If a line starts with @@ but doesn't fully match the RE_HUNK_HEADER regex pattern, re.match() returns None. The code then calls extract_hunk_headers(None), which invokes None.groups() and raises AttributeError: 'NoneType' object has no attribute 'groups'.

Additionally, orphan lines between a malformed @@ (where match=None) and the next valid @@ were leaking into the next hunk because the buffer reset was inside the if prev_match: flush block — when prev_match was None, buffers were never cleared.

Test plan

  • All 8 tests in test_malformed_hunk_header.py pass
  • New test verifies orphan lines after malformed @@ are not joined to the next hunk
  • Verify normal patch processing still works correctly with valid hunk headers

Replaces #2322 (lost push access to org branch).

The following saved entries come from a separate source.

(* Let $0\le\underline{\tau}<\overline{\tau}<\infty$, $\gamma\ge 0$, $\delta\ge0$, let $f$ be a piecewise continuous probability density supported on $[\underline{\tau},\overline{\tau}]$, and let $\beta:[0,\infty)\to(0,\infty)$ be continuous and decreasing with $\lim_{x\to+\infty}\beta(x)=0$. Let $(x(t),y(t))$ be a solution of the system $$x'(t)=-\big(\delta+\beta(x(t))\big)x(t)+2\int_{\underline{\tau}}^{\overline{\tau}}e^{-\gamma\tau}f(\tau)\beta(x(t-\tau))x(t-\tau)\,d\tau,$$ $$y'(t)=-\gamma y(t)+\beta(x(t))x(t)-\int_{\underline{\tau}}^{\overline{\tau}}e^{-\gamma\tau}f(\tau)\beta(x(t-\tau))x(t-\tau)\,d\tau,\qquad t\ge\overline{\tau},$$ arising from the hematopoiesis model described in the context, so that $$y(t)=\int_{\underline{\tau}}^{\overline{\tau}}f(\tau)\left(\int_{t-\tau}^{t}e^{-\gamma(t-s)}\beta(x(s))x(s)\,ds\right)d\tau\quad\text{for } t\ge\overline{\tau}.$$ If $\lim_{t\to+\infty}x(t)$ exists and equals $C\ge0$, then $$\lim_{t\to+\infty}y(t)=\begin{cases}\beta(C)C\displaystyle\int_{\underline{\tau}}^{\overline{\tau}}f(\tau)\frac{1-e^{-\gamma\tau}}{\gamma}\,d\tau,&\gamma>0,\\[2mm] \beta(C)C\displaystyle\int_{\underline{\tau}}^{\overline{\tau}}\tau f(\tau)\,d\tau,&\gamma=0.\end{cases}$$ Moreover, if $x(t)$ is $P$-periodic, then $y(t)$ is also $P$-periodic.
   Context: The model: $x(t)\ge0$ is the total resting (G$_0$) stem cell population and $y(t)\ge0$ the total proliferating population; resting cells die/differentiate at rate $\delta$ and enter proliferation at rate $\beta(x(t))$; proliferating cells die at rate $\gamma$ and divide (each into two resting cells) after a time distributed with density $f$. The function $x\mapsto x\beta(x)$ is Lipschitz continuous; for every initial resting population $\mu\ge0$ the model has a unique nonnegative continuous solution $(x,y)$ on $[0,\infty)$, which for $t\ge\overline{\tau}$ satisfies the displayed system and the displayed explicit formula for $y$. *)

theory Defs
  imports "HOL-Analysis.Analysis"
begin

definition piecewise_continuous_on :: "real \<Rightarrow> real \<Rightarrow> (real \<Rightarrow> real) \<Rightarrow> bool" where
  "piecewise_continuous_on a b f \<longleftrightarrow>
     (\<exists>S. finite S \<and> continuous_on ({a..b} - S) f \<and>
        (\<forall>s\<in>S \<inter> {a..b}.
           (a < s \<longrightarrow> (\<exists>l. (f \<longlongrightarrow> l) (at_left s))) \<and>
           (s < b \<longrightarrow> (\<exists>l. (f \<longlongrightarrow> l) (at_right s)))))"

definition prob_density_on :: "real \<Rightarrow> real \<Rightarrow> (real \<Rightarrow> real) \<Rightarrow> bool" where
  "prob_density_on a b f \<longleftrightarrow>
     (\<forall>t. f t \<ge> 0) \<and> (\<forall>t. t \<notin> {a..b} \<longrightarrow> f t = 0) \<and> (f has_integral 1) {a..b}"

end

theory Submission imports Defs begin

gvago added 3 commits April 14, 2026 18:37
In `decouple_and_convert_to_hunks_with_lines_numbers` and
`extract_hunk_lines_from_patch`, the call to `extract_hunk_headers(match)`
was outside proper `if match:` guards. If a line starts with `@@` but
doesn't match `RE_HUNK_HEADER`, `match` is None, causing an
`AttributeError` crash on `match.groups()`.

Move the `extract_hunk_headers` call inside the match guard in both
functions, and skip malformed hunk header lines gracefully.
… @@ lines

The decouple_and_convert_to_hunks_with_lines_numbers() function overwrote
`match` with the new RE_HUNK_HEADER result before checking whether the
previous hunk needed to be finalized. When a malformed @@ line produced
match=None, the flush condition `if match and (new/old_content_lines)` was
False, silently dropping the previous hunk's content.

Fix: save `prev_match` before overwriting and use it for the flush decision.
Also use `prev_header_line` instead of `match`/`header_line` in the
post-loop finalization, so a trailing malformed @@ cannot suppress the
last valid hunk.

Adds 7 unit tests covering malformed @@ scenarios: crash safety,
content preservation, trailing malformed headers, line-number accuracy,
all-malformed patches, and deletion-only hunks.
Orphan lines between a malformed @@ (match=None) and the next valid @@
were leaking into the next hunk. The buffer reset was inside the
`if prev_match:` flush block, so when prev_match was None (set by
the malformed @@), the buffers were never cleared.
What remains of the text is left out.